If a data set follows Benford Law, auditors might conclude that the data have passed a reasonableness. This does not mean that all the numbers are correct, but rather that any errors or manipulations were not significant enough to distort the digit patterns. Auditors would still have to combine Digital Analysis with other analytical procedures and possible statistical sampling procedures.
Audit tests:
         The first and second digit tests are used as high level tests of reasonableness. Experience has shown that large accounts payable files have followed Benford’s Law quite closely. Also the extended values of the Inventory follows Benford’s Law closely. The third, more focused test is to verify the frequencies of the first two digits. The formula for the expected first two digit frequencies under Benford’s Law is :
Expected First Two Digit frequency=log(1+1/FTD)
         The fourth, still more focused test is the number duplication test. Here, the frequencies of the actual numbers in the audit data set are tabulated. The list begins with the most frequently occurring number and ends with the least frequently occurring number. Auditors generally direct their attention to
1.   Numbers that have occurred abnormally often relative to
other numbers;
2.   Odd numbers that have occurred abnormally often;
3.   Round numbers that have occurred abnormally often;


Exemptions :
         Some populations of accounting- related data do not conform to a Benford  distribution. For example, assigned numbers such as cheque numbers, purchase order numbers or numbers that are influenced by human thought , for example, the price of a pair of shoes is 199.99 or ATM withdrawals do not follow Benford’s Law. Assigned numbers should follow a uniform distribution rather than a Benford distribution.

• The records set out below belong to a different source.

(* Let $K$ be a valued field with value group $\Gamma$, let $L$ be an immediate valued field extension of $K$, let $a\in L\setminus K$, and let $(a_\rho)$ be a pseudocauchy sequence in $K$ of transcendental type over $K$ with $a_\rho\leadsto a$. Put $\gamma_\rho=v(a-a_\rho)$. Let $R(X)\in K(X)\setminus K$. Then there is an index $\rho_0$ such that for $\rho>\rho_0$: (1) $R(a_\rho)$ is defined and lies in $K$; (2) $R(a_\rho)\leadsto R(a)$; (3) there are $\alpha\in\Gamma$ and $i\ge1$ such that eventually $v(R(a_\rho)-R(a))=\alpha+i\gamma_\rho$; (4) with $\alpha,i$ as in (3), $(\alpha+i\gamma_\rho)$ is eventually cofinal in $v(R(a)-K)$; (5) $(R(a_\rho))$ is a divergent pseudocauchy sequence in $K$; (6) with $\alpha,i$ as in (3), $v(R(a)-K)=(\alpha+i\,v(a-K))^{\downarrow}$.
   Context: For a valued field $K$ with valuation $v:K\to\Gamma\cup\{\infty\}$, write $f\prec g$ iff $vf>vg$. A well-indexed sequence is one indexed by an infinite well-ordered set without greatest element. A well-indexed sequence $(a_\rho)$ pseudoconverges to $a$ (written $a_\rho\leadsto a$) if for some $\rho_0$, $a-a_\sigma\prec a-a_\rho$ whenever $\sigma>\rho>\rho_0$. $(a_\rho)$ is a pseudocauchy sequence if for some $\rho_0$, $a_\tau-a_\sigma\prec a_\sigma-a_\rho$ whenever $\tau>\sigma>\rho>\rho_0$; it is divergent in $K$ if it has no pseudolimit in $K$; it is of transcendental type over $K$ if for every nonconstant $P\in K[X]$, $v(P(a_\rho))$ is eventually constant. An immediate extension has the same value group and residue field. For $b\in L$, $v(b-K)=\{v(b-c):c\in K\}$; for $A\subseteq\Gamma$, $A^{\downarrow}=\{\delta\in\Gamma:\delta\le\sigma\text{ for some }\sigma\in A\}$, and $\alpha+iA=\{\alpha+i\sigma:\sigma\in A\}$. *)

theory Defs
  imports "HOL-Computational_Algebra.Polynomial"
begin

text \<open>A Krull valuation on the field 'l (the big field L), written additively.
  The value of 0 is \<infinity>; we represent it by never looking at v 0.\<close>

definition valuation :: "('l::field \<Rightarrow> 'g::linordered_ab_group_add) \<Rightarrow> bool" where
  "valuation v \<longleftrightarrow>
     (\<forall>x y. x \<noteq> 0 \<and> y \<noteq> 0 \<longrightarrow> v (x * y) = v x + v y) \<and>
     (\<forall>x y. x \<noteq> 0 \<and> y \<noteq> 0 \<and> x + y \<noteq> 0 \<longrightarrow> min (v x) (v y) \<le> v (x + y))"

definition subfield :: "'l::field set \<Rightarrow> bool" where
  "subfield K \<longleftrightarrow> 0 \<in> K \<and> 1 \<in> K \<and>
     (\<forall>x\<in>K. \<forall>y\<in>K. x + y \<in> K \<and> x * y \<in> K) \<and>
     (\<forall>x\<in>K. - x \<in> K \<and> inverse x \<in> K)"

definition value_group :: "('l::field \<Rightarrow> 'g) \<Rightarrow> 'l set \<Rightarrow> 'g set" where
  "value_group v K = v ` (K - {0})"

text \<open>L (= UNIV) is an immediate extension of K: same value group, and the
  residue field of K (embedded in that of L) is all of the residue field of L.\<close>
definition immediate_ext :: "('l::field \<Rightarrow> 'g::linordered_ab_group_add) \<Rightarrow> 'l set \<Rightarrow> bool" where
  "immediate_ext v K \<longleftrightarrow>
     value_group v K = value_group v UNIV \<and>
     (\<forall>x. x \<noteq> 0 \<and> 0 \<le> v x \<longrightarrow> (\<exists>y\<in>K. x - y = 0 \<or> 0 < v (x - y)))"

text \<open>f \<prec> g iff v f > v g (with v 0 = \<infinity>).\<close>
definition vprec :: "('l::field \<Rightarrow> 'g::linordered_ab_group_add) \<Rightarrow> 'l \<Rightarrow> 'l \<Rightarrow> bool" where
  "vprec v f g \<longleftrightarrow> g \<noteq> 0 \<and> (f = 0 \<or> v g < v f)"

definition vext :: "('l::field \<Rightarrow> 'g) \<Rightarrow> 'l \<Rightarrow> 'g option" where
  "vext v x = (if x = 0 then None else Some (v x))"

text \<open>Well-indexed sequences are functions on a wellorder type 'i without
  greatest element (which is then automatically infinite).\<close>
definition no_greatest :: "'i::wellorder itself \<Rightarrow> bool" where
  "no_greatest _ \<longleftrightarrow> (\<forall>\<rho>::'i. \<exists>\<sigma>. \<rho> < \<sigma>)"

definition pseudoconverges ::
  "('l::field \<Rightarrow> 'g::linordered_ab_group_add) \<Rightarrow> ('i::wellorder \<Rightarrow> 'l) \<Rightarrow> 'l \<Rightarrow> bool" where
  "pseudoconverges v s a \<longleftrightarrow>
     (\<exists>\<rho>0. \<forall>\<rho> \<sigma>. \<rho>0 < \<rho> \<and> \<rho> < \<sigma> \<longrightarrow> vprec v (a - s \<sigma>) (a - s \<rho>))"

definition pseudocauchy ::
  "('l::field \<Rightarrow> 'g::linordered_ab_group_add) \<Rightarrow> ('i::wellorder \<Rightarrow> 'l) \<Rightarrow> bool" where
  "pseudocauchy v s \<longleftrightarrow>
     (\<exists>\<rho>0. \<forall>\<rho> \<sigma> \<tau>. \<rho>0 < \<rho> \<and> \<rho> < \<sigma> \<and> \<sigma> < \<tau> \<longrightarrow>
        vprec v (s \<tau> - s \<sigma>) (s \<sigma> - s \<rho>))"

definition divergent_in ::
  "('l::field \<Rightarrow> 'g::linordered_ab_group_add) \<Rightarrow> 'l set \<Rightarrow> ('i::wellorder \<Rightarrow> 'l) \<Rightarrow> bool" where
  "divergent_in v K s \<longleftrightarrow> \<not> (\<exists>b\<in>K. pseudoconverges v s b)"

definition poly_over :: "'l::field set \<Rightarrow> 'l poly \<Rightarrow> bool" where
  "poly_over K P \<longleftrightarrow> (\<forall>n. coeff P n \<in> K)"

definition transcendental_type ::
  "('l::field \<Rightarrow> 'g::linordered_ab_group_add) \<Rightarrow> 'l set \<Rightarrow> ('i::wellorder \<Rightarrow> 'l) \<Rightarrow> bool" where
  "transcendental_type v K s \<longleftrightarrow>
     (\<forall>P. poly_over K P \<and> degree P > 0 \<longrightarrow>
        (\<exists>\<rho>0 c. \<forall>\<rho>. \<rho>0 < \<rho> \<longrightarrow> vext v (poly P (s \<rho>)) = c))"

text \<open>v(b - K) = {v(b - c) : c \<in> K}; only used for b \<notin> K, where all values are finite.\<close>
definition vdist_set :: "('l::field \<Rightarrow> 'g) \<Rightarrow> 'l \<Rightarrow> 'l set \<Rightarrow> 'g set" where
  "vdist_set v b K = {v (b - c) | c. c \<in> K \<and> b - c \<noteq> 0}"

definition downclosure :: "'g::linorder set \<Rightarrow> 'g set \<Rightarrow> 'g set" where
  "downclosure \<Gamma> A = {\<delta> \<in> \<Gamma>. \<exists>\<sigma>\<in>A. \<delta> \<le> \<sigma>}"

definition nsmul :: "nat \<Rightarrow> 'g::ab_group_add \<Rightarrow> 'g" where
  "nsmul i g = (\<Sum>j<i. g)"

definition rat_eval :: "'l::field poly \<Rightarrow> 'l poly \<Rightarrow> 'l \<Rightarrow> 'l" where
  "rat_eval P Q x = poly P x / poly Q x"

end

theory Submission
  imports Defs
begin

text \<open>
  Since a is a pseudolimit of (a_\<rho>) outside K, the gaps \<gamma>_\<rho> = v(a - a_\<rho>) are eventually strictly
  increasing. Expanding a polynomial S around a, S(a_\<rho>) - S(a) = \<Sum>_j c_j (a_\<rho> - a)^j with j \<ge> 1, and
  since \<gamma>_\<rho> increases, of any two terms one eventually has the strictly smaller value
  v(c_j) + j\<gamma>_\<rho>, so one term dominates: v(S(a_\<rho>) - S(a)) = \<beta> + i\<gamma>_\<rho> eventually, with i \<ge> 1. Together with the transcendental
  type this shows that S(a) \<noteq> 0 and that v(S(a_\<rho>)) is eventually constant for every nonzero S over K.
  For S = Q(a)P - P(a)Q we have R(a_\<rho>) - R(a) = S(a_\<rho>) / (Q(a_\<rho>)Q(a)), which gives (3), and (2)
  and (5) follow because these values increase. If R(a_\<rho>) pseudoconverged to some c \<in> K, then
  c - R(a_\<rho>) = (cQ - P)(a_\<rho>) / Q(a_\<rho>) would have eventually constant value; so (R(a_\<rho>)) diverges.
  A divergent sequence whose distances to b have increasing values gets arbitrarily close to b
  compared with any element of K, which gives (4), and applied to (a_\<rho>) and to (R(a_\<rho>)) also (6).
\<close>

section \<open>Eventually strictly monotone functions on well-indexed sets\<close>

lemma nsmul_0 [simp]: "nsmul 0 x = 0"
  by (simp add: nsmul_def)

     In addition to an auditor’s perception  in determining which populations fit a Benford distribution, there exist some tests that reveal whether or not Benford’s Law applies to a particular data set. Wallace suggests that if the mean of a particular set of numbers is larger than the median and the skewness value is positive, the data set likely follows a Benford distribution. It follows that the larger the ratio of the mean divided by the median, the more closely the set will follow Benford’s Law. This is true since observations from a Benford distribution have a predominance of small values. The difficulty in relying only on such tests as a screening process, before applying digital analysis, is that if an account contains sufficient bogus observations it could fail the tests; thus, digital analysis would not be applied when, in fact, it should.
Conclusion:
     We conclude that Benford’s analysis, when used correctly, is a useful tool for identifying suspect accounts for further analysis. Because of its usefulness, digital analysis tools based on Benford’s Law are now being included in many popular software packages like ACL and CaseWare 2002.The goal of this paper has been to help auditors more appropriately apply Benford’s law-based analysis to increase their ability to detect ubnormal  transactions or fraud. Benford  analysis is a particularly useful analytical tool because it does not use aggregated data, rather it is conducted on specific accounts using all the data available. It can be very useful in identifying specific accounts for further analysis and investigation.
 References :
1.   Mark J Nigrini  Ph.D, Institute of Internal Auditors
247, Maitland Avenue, Altamonte Sprins, Florida.
2.   “ The effective use of Benford’s Law to assist in detecting fraud in Accounting Data” – M/s Cindy Durtschi, William Hillison & Carl Pacini.  
3.   Chartered Accountant Magazine November 2011 issue.